I headed down to Portland State last night for a talk titled “What (Really) Happened on Easter Island?” What follows are my notes from Terry Hunt’s talk about life on Easter Island and what caused the population to disappear.
Much of Hunt’s subject matter will be in his upcoming book, “The Statues that Walked,” as well as his contributions to “Questioning Collapse”, a series of essays questioning Jared Diamond’s ideas around cultural collapse. Popular ideas of the remote island society, 4,000 kilometers from Chile, that Europeans met in the 18th-century are based on evidence that Hunt says is outdated and often blatantly wrong.
Hunt disputes the idea that Easter Island’s society collapsed as a result of ancestors’ imprudence. He does not think they cut down an ancient forest and committed ecocide before first contact with Europeans, who came later in 1722.
Hunt says that the island had a disparate population who was resourceful and careful with their population management. He posited that building statues was perhaps a way to divert energy away from food production. This served as an indirect limit on population as a portion was devoted to building, transporting, and planning the statues. The layout of the island and placement of agricultural areas was not likely to have created a central village or a central chief on the tiny island.
The island’s lone forest, which is generally thought to have been cut down to provide the logs needed to move the Moai statues, was actually lost to a more natural disaster. The Polynesian settlement of the island introduced rats to a native population devoid of predators.

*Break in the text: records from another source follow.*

lemma eigenvalue_mat_of_tmat_obtain_eigenfunction:
  fixes F :: "'a::field tmat"
  assumes "eigenvalue (mat_of_tmat r m F) \<mu>"
  obtains f a0 where "a0 \<in> tidx r m" "f a0 \<noteq> 0"
    "\<And>a. a \<in> tidx r m \<Longrightarrow> (\<Sum>b\<in>tidx r m. F a b * f b) = \<mu> * f a"
proof -
  let ?N = "tdim r m" and ?L = "tidx_list r m"
  from assms obtain v where v: "v \<in> carrier_vec ?N" "v \<noteq> 0\<^sub>v ?N"
    "mat_of_tmat r m F *\<^sub>v v = \<mu> \<cdot>\<^sub>v v"
    unfolding eigenvalue_def eigenvector_def by auto
  define f where "f b = (\<Sum>i<?N. if ?L ! i = b then v $ i else 0)" for b
  have f: "f (?L ! j) = v $ j" if "j < ?N" for j
  proof -
    have "f (?L ! j) = (\<Sum>i<?N. if i = j then v $ i else 0)"
      unfolding f_def by (intro sum.cong refl) (use that tidx_list_nth_eq_iff in auto)
    then show ?thesis using that by simp
  qed
  obtain j where j: "j < ?N" "v $ j \<noteq> 0"
    using v(1,2) by (metis carrier_vecD eq_vecI index_zero_vec(1) index_zero_vec(2))
  moreover have "(\<Sum>b\<in>tidx r m. F a b * f b) = \<mu> * f a" if a: "a \<in> tidx r m" for a
  proof -
    obtain i where i: "i < ?N" "?L ! i = a" using tidx_obtain_index[OF a] by metis
    have "(\<Sum>b\<in>tidx r m. F a b * f b) = (mat_of_tmat r m F *\<^sub>v v) $ i"
      using v(1) i by (simp add: sum_tidx_conv_index scalar_prod_def f lessThan_atLeast0)
    also have "\<dots> = \<mu> * f a" using v(1,3) i f[OF i(1)] by simp
    finally show ?thesis .
  qed
  ultimately show ?thesis using that[of "?L ! j"] f tidx_list_nth_in by metis
qed

lemma (in comm_ring_hom) map_mat_mat_of_tmat:
  "map_mat hom (mat_of_tmat r m F) = mat_of_tmat r m (\<lambda>a b. hom (F a b))"
  by (rule eq_matI) auto

lemma tsupp_tid: "tsupp r m (tid r m)"
  by (simp add: tsupp_def tid_def)

lemma tsupp_zero: "tsupp r m (\<lambda>a b. 0)"
  by (simp add: tsupp_def)

lemma tsupp_pi_r: "tsupp r m (pi_r r m q e)"
  by (induction e) (auto simp: tsupp_def tid_def tmul_def Tmat_def)

lemma tmul_scalar_tid:
  "tmul r m (\<lambda>a b. c * tid r m a b) F a b = (if a \<in> tidx r m then c * F a b else 0)"
proof -
  have "tmul r m (\<lambda>a b. c * tid r m a b) F a b =
      (\<Sum>x\<in>tidx r m. if a = x then (if a \<in> tidx r m then c * F x b else 0) else 0)"
    unfolding tmul_def by (intro sum.cong) (auto simp: tid_def)
  also have "\<dots> = (if a \<in> tidx r m then c * F a b else 0)" by (simp add: sum.delta)
  finally show ?thesis .
qed

lemma tmul_tid_left: "tsupp r m F \<Longrightarrow> tmul r m (tid r m) F = (F :: 'a::comm_ring_1 tmat)"
  using tmul_scalar_tid[of r m 1 F] by (intro ext) (auto simp: tsupp_def)

lemma tmul_zero_left: "tmul r m (\<lambda>a b. 0) F = (\<lambda>a b. 0)"
  by (simp add: tmul_def)

section \<open>A separating element of the Hecke algebra\<close>

lemma heq_neg_neg: "heq r q (HMul (HC (-1)) (HMul (HC (-1)) a)) a"
proof -
  have "heq r q (HMul (HC (-1)) (HMul (HC (-1)) a)) (HMul (HMul (HC (-1)) (HC (-1))) a)"
    by (rule heq.h_sym, rule heq.h_mul_assoc)
  moreover have "heq r q (HMul (HMul (HC (-1)) (HC (-1))) a) (HMul (HC ((-1) * (-1))) a)"
    by (rule heq.h_mul_cong, rule heq.h_const_mul, rule heq.h_refl)
  moreover have "heq r q (HMul (HC ((-1) * (-1))) a) a"
    using heq.h_mul_one_l[of r q a] by simp
  ultimately show ?thesis by (meson heq.h_trans)
qed

lemma heq_sub_sub: "heq r q (HAdd (HC d) (HMul (HC (-1)) (HAdd (HC d) (HMul (HC (-1)) a)))) a"
proof -
  have "heq r q (HMul (HC (-1)) (HAdd (HC d) (HMul (HC (-1)) a))) (HAdd (HC (-d)) a)"
  proof -
    have "heq r q (HMul (HC (-1)) (HAdd (HC d) (HMul (HC (-1)) a)))
        (HAdd (HMul (HC (-1)) (HC d)) (HMul (HC (-1)) (HMul (HC (-1)) a)))"
      by (rule heq.h_distrib_l)
    moreover have "heq r q (HAdd (HMul (HC (-1)) (HC d)) (HMul (HC (-1)) (HMul (HC (-1)) a)))
        (HAdd (HC ((-1) * d)) a)"
      by (rule heq.h_add_cong, rule heq.h_const_mul, rule heq_neg_neg)
    ultimately show ?thesis by (simp, meson heq.h_trans)
  qed
  then have "heq r q (HAdd (HC d) (HMul (HC (-1)) (HAdd (HC d) (HMul (HC (-1)) a))))
      (HAdd (HC d) (HAdd (HC (-d)) a))"
    by (rule heq.h_add_cong[OF heq.h_refl])
  moreover have "heq r q (HAdd (HC d) (HAdd (HC (-d)) a)) (HAdd (HAdd (HC d) (HC (-d))) a)"
    by (rule heq.h_sym, rule heq.h_add_assoc)
  moreover have "heq r q (HAdd (HAdd (HC d) (HC (-d))) a) (HAdd (HC (d + - d)) a)"
    by (rule heq.h_add_cong, rule heq.h_const_add, rule heq.h_refl)
  moreover have "heq r q (HAdd (HC (d + - d)) a) (HAdd a (HC 0))"
    using heq.h_add_comm[of r q "HC 0" a] by simp
  moreover have "heq r q (HAdd a (HC 0)) a" by (rule heq.h_add_zero)
  ultimately show ?thesis by (meson heq.h_trans)
qed

lemma heq_goldman_goldman: "heq r q (goldman r q (goldman r q e)) e"
  by (induction e) (auto intro: heq.h_refl heq_sub_sub heq.h_add_cong heq.h_mul_cong)

definition hexp_poly :: "'k::zero poly \<Rightarrow> 'k hexp \<Rightarrow> 'k hexp" where
  "hexp_poly p e = foldr (\<lambda>a acc. HAdd (HC a) (HMul e acc)) (coeffs p) (HC 0)"

lemma goldman_hexp_poly: "goldman r q (hexp_poly p e) = hexp_poly p (goldman r q e)"
proof -
  have "goldman r q (foldr (\<lambda>a acc. HAdd (HC a) (HMul e acc)) xs (HC 0)) =
      foldr (\<lambda>a acc. HAdd (HC a) (HMul (goldman r q e) acc)) xs (HC 0)" for xs
    by (induction xs) auto
  then show ?thesis by (simp add: hexp_poly_def)
qed

lemma mat_of_tmat_pi_hexp_poly:
  fixes q :: "'k::field"
  shows "mat_of_tmat r m (pi_r r m q (hexp_poly p e)) = poly_mat p (mat_of_tmat r m (pi_r r m q e))"
proof -
  have "mat_of_tmat r m (pi_r r m q (foldr (\<lambda>a acc. HAdd (HC a) (HMul e acc)) xs (HC 0))) =
      foldr (\<lambda>a B. a \<cdot>\<^sub>m 1\<^sub>m (tdim r m) + mat_of_tmat r m (pi_r r m q e) * B) xs
        (0\<^sub>m (tdim r m) (tdim r m))" for xs
    by (induction xs)
      (simp_all add: mat_of_tmat_zero[symmetric] mat_of_tmat_add mat_of_tmat_smult
        mat_of_tmat_tid mat_of_tmat_tmul)
  then show ?thesis by (simp add: hexp_poly_def poly_mat_def)
qed

text \<open>For \<open>\<chi>\<close> the characteristic polynomial of \<open>\<pi>(goldman Z)\<close>, Cayley--Hamilton gives
  \<open>\<pi>(goldman (\<chi>(Z))) = 0\<close>, while \<open>\<pi>(\<chi>(Z))\<close> is invertible with a polynomial inverse.\<close>
lemma separating_element_exists:
  fixes q :: "'k::field"
  assumes "det (poly_mat (char_poly (mat_of_tmat r m (pi_r r m q (goldman r q Z))))
      (mat_of_tmat r m (pi_r r m q Z))) \<noteq> 0"
  obtains E where "pi_r r m q E = tid r m" "pi_r r m q (goldman r q E) = (\<lambda>a b. 0)"
proof -
  let ?N = "tdim r m"
  define \<chi> where "\<chi> = char_poly (mat_of_tmat r m (pi_r r m q (goldman r q Z)))"
  define W where "W = poly_mat \<chi> (mat_of_tmat r m (pi_r r m q Z))"
  obtain s where s: "W * poly_mat s W = 1\<^sub>m ?N"
    using poly_mat_right_inverse[of W ?N] assms by (auto simp: W_def \<chi>_def)
  define E where "E = HMul (hexp_poly \<chi> Z) (hexp_poly s (hexp_poly \<chi> Z))"
  have "mat_of_tmat r m (pi_r r m q E) = mat_of_tmat r m (tid r m)"
    using s by (simp add: E_def mat_of_tmat_tmul mat_of_tmat_pi_hexp_poly W_def mat_of_tmat_tid)
  then have "pi_r r m q E = tid r m"
    by (rule mat_of_tmat_inj[OF tsupp_pi_r tsupp_tid])
  moreover have "mat_of_tmat r m (pi_r r m q (goldman r q E)) = mat_of_tmat r m (\<lambda>a b. 0)"
    using cayley_hamilton[of "mat_of_tmat r m (pi_r r m q (goldman r q Z))" ?N]
    by (simp add: E_def mat_of_tmat_tmul mat_of_tmat_pi_hexp_poly goldman_hexp_poly
        \<chi>_def mat_of_tmat_zero)
  then have "pi_r r m q (goldman r q E) = (\<lambda>a b. 0)"
    by (rule mat_of_tmat_inj[OF tsupp_pi_r tsupp_zero])
  ultimately show ?thesis by (rule that)
qed

text \<open>\<open>E X + goldman (E X)\<close> is Goldman-fixed and has the same image as \<open>X\<close> under \<open>\<pi>\<close>.\<close>
lemma A_q_subset_C_q:
  assumes E: "pi_r r m q E = tid r m" and gE: "pi_r r m q (goldman r q E) = (\<lambda>a b. 0)"
  shows "A_q r m q \<subseteq> C_q r m q"
proof
  fix F assume "F \<in> A_q r m q"
  then obtain X where X: "F = pi_r r m q X" by (auto simp: A_q_def)
  define Y where "Y = HAdd (HMul E X) (HMul (goldman r q E) (goldman r q X))"
  have "pi_r r m q Y = F"
    by (simp add: X Y_def E gE tmul_tid_left[OF tsupp_pi_r] tmul_zero_left)
  moreover have "heq r q (goldman r q Y) Y"
  proof -
    have "heq r q (goldman r q Y) (HAdd (HMul (goldman r q E) (goldman r q X)) (HMul E X))"
      by (simp add: Y_def heq.h_add_cong heq.h_mul_cong heq_goldman_goldman heq.h_refl)
    then show ?thesis unfolding Y_def by (meson heq.h_add_comm heq.h_trans)
  qed
  ultimately show "F \<in> C_q r m q" unfolding C_q_def by blast
qed

lemma C_q_subset_A_q: "C_q r m q \<subseteq> A_q r m q"
  by (auto simp: A_q_def C_q_def)

section \<open>The sum over transpositions\<close>

lemma length_swap_at [simp]: "length (swap_at i b) = length b"
  by (simp add: swap_at_def)

lemma swap_at_tidx: "1 \<le> i \<Longrightarrow> i < r \<Longrightarrow> b \<in> tidx r m \<Longrightarrow> swap_at i b \<in> tidx r m"
  unfolding tidx_def swap_at_def by (auto simp: set_swap)

lemma set_swap_at: "1 \<le> i \<Longrightarrow> i < length b \<Longrightarrow> set (swap_at i b) = set b"
  unfolding swap_at_def by (simp add: set_swap)

lemma swap_at_eq_iff: "1 \<le> i \<Longrightarrow> i < length b \<Longrightarrow> swap_at i b = b \<longleftrightarrow> b!(i-1) = b!i"
  unfolding swap_at_def
  by (metis (no_types, lifting) diff_less le_eq_less_or_eq less_imp_diff_less list_update_id
      list_update_overwrite nth_list_update_eq zero_less_one list_update_swap
      less_numeral_extra(3) nat_neq_iff)

lemma eq_swap_at_iff: "1 \<le> i \<Longrightarrow> i < length b \<Longrightarrow> b = swap_at i b \<longleftrightarrow> b!(i-1) = b!i"
  using swap_at_eq_iff by metis

definition swap_pos :: "nat \<Rightarrow> nat \<Rightarrow> nat list \<Rightarrow> nat list" where
  "swap_pos k l b = b[k := b!l, l := b!k]"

As Hunt said, “When you introduce rats to an island you introduce teeth for the first time.” This rat population, which could double every 47 days in the ideal conditions Easter provided, was more likely to have caused the deforestation. By eating the seeds of the native palm trees the rats would have destroyed the forest in a matter of years. Hunt referenced a similar phenomenon that occurred on the Hawaiian islands after settlement.
Ultimately Hunt believes Easter Island’s residents were far more careful with their environment than many believe. Their greatest achievement was creating a society that survived for 500 years on a barren island devoid of natural streams and only receive irregular rainfall.